(* Let an extended spinor connection on $N$ be given, with spatial covariant differentiation $\nabla$. Let $P\in\{1,\dots,J\}$, let $\mathbf X$ be an extended vector field (components $X^j$) and $\mathbf Y$ an extended spin-tensorial field of type $(\alpha_P,\beta_P|\nu_P,\gamma_P|m_P,n_P)$. Define extended fields $\mathfrak N^+$ (type $(1,1|0,0|0,0)$), $\bar{\mathfrak N}^+$ (type $(0,0|1,1|0,0)$), $\mathbf N^+$ (type $(0,0|0,0|1,1)$) by $$(\mathfrak N^+)^k_i=-\sum_{j=0}^3\sum_{I,J}X^jY^I_J\frac{\partial\mathrm A^k_{j\,i}}{\partial S[P]^I_J},\quad (\bar{\mathfrak N}^+)^k_i=-\sum_{j}\sum_{I,J}X^jY^I_J\frac{\partial\bar{\mathrm A}^k_{j\,i}}{\partial S[P]^I_J},\quad (\mathbf N^+)^k_i=-\sum_{j}\sum_{I,J}X^jY^I_J\frac{\partial\Gamma^k_{j\,i}}{\partial S[P]^I_J},$$ and for $Q=1,\dots,J$ put $\mathbf U[Q]=-D(\mathfrak N^+,\bar{\mathfrak N}^+,\mathbf N^+)\mathbf S[Q]$, $\bar{\mathbf U}[Q]=-D(\mathfrak N^+,\bar{\mathfrak N}^+,\mathbf N^+)\tau(\mathbf S[Q])$. Then, as operators on extended spin-tensorial fields of every type, $$[\nabla_{\mathbf X},\vec\nabla_{\mathbf Y}[P]]=\vec\nabla_{\mathbf U}[P]+\sum_{Q=1}^J\vec\nabla_{\mathbf U[Q]}[Q]+\sum_{Q=1}^J\bar{\vec\nabla}_{\bar{\mathbf U}[Q]}[Q]-\nabla_{\mathbf V}+D(\mathfrak N^+,\bar{\mathfrak N}^+,\mathbf N^+),$$ where $\mathbf U=\nabla_{\mathbf X}\mathbf Y$ and $\mathbf V=\vec\nabla_{\mathbf Y}[P]\mathbf X$.
   Context: Setting. $M$ is a 4-dimensional oriented, time-polarized space-time manifold with metric of signature $(+,-,-,-)$, with a spinor bundle $SM$. An equipped local chart has coordinates $x^0,\dots,x^3$, a spinor frame $\Psi_1,\Psi_2$ and associated tangent frame $\Upsilon_i=\sum_k\Upsilon^k_i\partial/\partial x^k$ ($i=0,..,3$); $c^k_{ij}$ are defined by $[\Upsilon_i,\Upsilon_j]=\sum_kc^k_{ij}\Upsilon_k$. A spin-tensor of type $(\alpha,\beta|\nu,\gamma|m,n)$ has components $X^{i_1\dots i_\alpha\bar i_1\dots\bar i_\nu h_1\dots h_m}_{j_1\dots j_\beta\bar j_1\dots\bar j_\gamma k_1\dots k_n}$ (spinor indices in $\{1,2\}$, tensor indices in $\{0,..,3\}$). The semilinear map $\tau$ sends type $(\alpha,\beta|\nu,\gamma|m,n)$ to $(\nu,\gamma|\alpha,\beta|m,n)$ by $\tau(S)^{i_1\dots i_\nu\bar i_1\dots\bar i_\alpha h}_{j_1\dots j_\gamma\bar j_1\dots\bar j_\beta k}=\overline{S^{\bar i_1\dots\bar i_\alpha i_1\dots i_\nu h}_{\bar j_1\dots\bar j_\beta j_1\dots j_\gamma k}}$. Composite bundle. Fix types $(\alpha_P,\beta_P|\nu_P,\gamma_P|m_P,n_P)$, $P=1,\dots,J$; $N$ is the direct sum of the corresponding spin-tensor bundles, a point being $q=(p,\mathbf S[1],\dots,\mathbf S[J])$; local coordinates $x^0,..,x^3$ and the components of all $\mathbf S[P]$. An extended spin-tensorial field of a type assigns smoothly to each $q$ a spin-tensor of that type at $\pi(q)$; components are functions of $x$, the components of the $\mathbf S[P]$ and their conjugates. $\partial/\partial S[P]^I_J$ and $\partial/\partial\tau(S[P])^{I'}_{J'}$ are Wirtinger derivatives. $\mathbf S[Q]$ and $\tau(\mathbf S[Q])$ are themselves extended fields. Native multivariate differentiations. For $\mathbf Y$ of type $(\alpha_P,\beta_P|\nu_P,\gamma_P|m_P,n_P)$: $\vec\nabla_{\mathbf Y}[P]\mathbf Z=\sum_{I,J}Y^I_J\,\partial\mathbf Z/\partial S[P]^I_J$; for $\mathbf Y$ of type $(\nu_P,\gamma_P|\alpha_P,\beta_P|m_P,n_P)$: $\bar{\vec\nabla}_{\mathbf Y}[P]\mathbf Z=\sum_{I',J'}Y^{I'}_{J'}\,\partial\mathbf Z/\partial\tau(S[P])^{I'}_{J'}$ (componentwise in $\mathbf Z$). Algebraic action and degenerate differentiation. For $2\times2$ matrix functions $a,b$, $4\times4$ matrix function $g$, and $X$ of type $(\varepsilon,\eta|\sigma,\zeta|e,f)$, $L(a,b,g)X$ has components $\sum_{\mu\le\varepsilon}\sum_v a^{a_\mu}_vX^{\dots v\dots}-\sum_{\mu\le\eta}\sum_w a^w_{b_\mu}X_{\dots w\dots}+\sum_{\mu\le\sigma}\sum_v b^{\bar a_\mu}_vX^{\dots v\dots}-\sum_{\mu\le\zeta}\sum_w b^w_{\bar b_\mu}X_{\dots w\dots}+\sum_{\mu\le e}\sum_v g^{c_\mu}_vX^{\dots v\dots}-\sum_{\mu\le f}\sum_w g^w_{d_\mu}X_{\dots w\dots}$ (the $\mu$-th index of the respective group replaced by the summation index). For $\mathfrak S$ of type $(1,1|0,0|0,0)$, $\bar{\mathfrak S}$ of type $(0,0|1,1|0,0)$, $\mathbf S$ of type $(0,0|0,0|1,1)$: $D(\mathfrak S,\bar{\mathfrak S},\mathbf S)X:=L(\mathfrak S,\bar{\mathfrak S},\mathbf S)X$. Extended spinor connection and covariant differentiation. An extended spinor connection is given in each equipped chart by smooth functions (of $x$ and the $\mathbf S[P]$ components and conjugates) $\mathrm A^k_{j\,i}$, $\bar{\mathrm A}^k_{j\,i}$ ($k,i\in\{1,2\}$, $j\in\{0,..,3\}$) and $\Gamma^k_{j\,i}$ ($k,i,j\in\{0,..,3\}$), transforming between charts so that $\nabla$ below is chart-independent. With $L_j:=L(\mathrm A_j,\bar{\mathrm A}_j,\Gamma_j)$, $\mathrm A_j=(\mathrm A^k_{j\,i})_{k,i}$ etc.: $$\nabla_j\mathbf Z=\sum_k\Upsilon^k_j\frac{\partial\mathbf Z}{\partial x^k}-\sum_{P}\sum_{I,J}(L_j\mathbf S[P])^I_J\frac{\partial\mathbf Z}{\partial S[P]^I_J}-\sum_{P}\sum_{I',J'}(L_j\tau(\mathbf S[P]))^{I'}_{J'}\frac{\partial\mathbf Z}{\partial\tau(S[P])^{I'}_{J'}}+L_j\mathbf Z,$$ and $\nabla_{\mathbf X}\mathbf Z=\sum_jX^j\nabla_j\mathbf Z$ for an extended vector field $\mathbf X$ (type $(0,0|0,0|1,0)$). $[A,B]=AB-BA$. *)

theory Defs
  imports "HOL-Analysis.Analysis"
begin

○ ○ ○

• What to produce: Transcribe the records above exactly, but only from the line that contains "theory Defs" through their final line, inclusive.

• Solution for this problem:
theory Defs
  imports "HOL-Analysis.Analysis"
begin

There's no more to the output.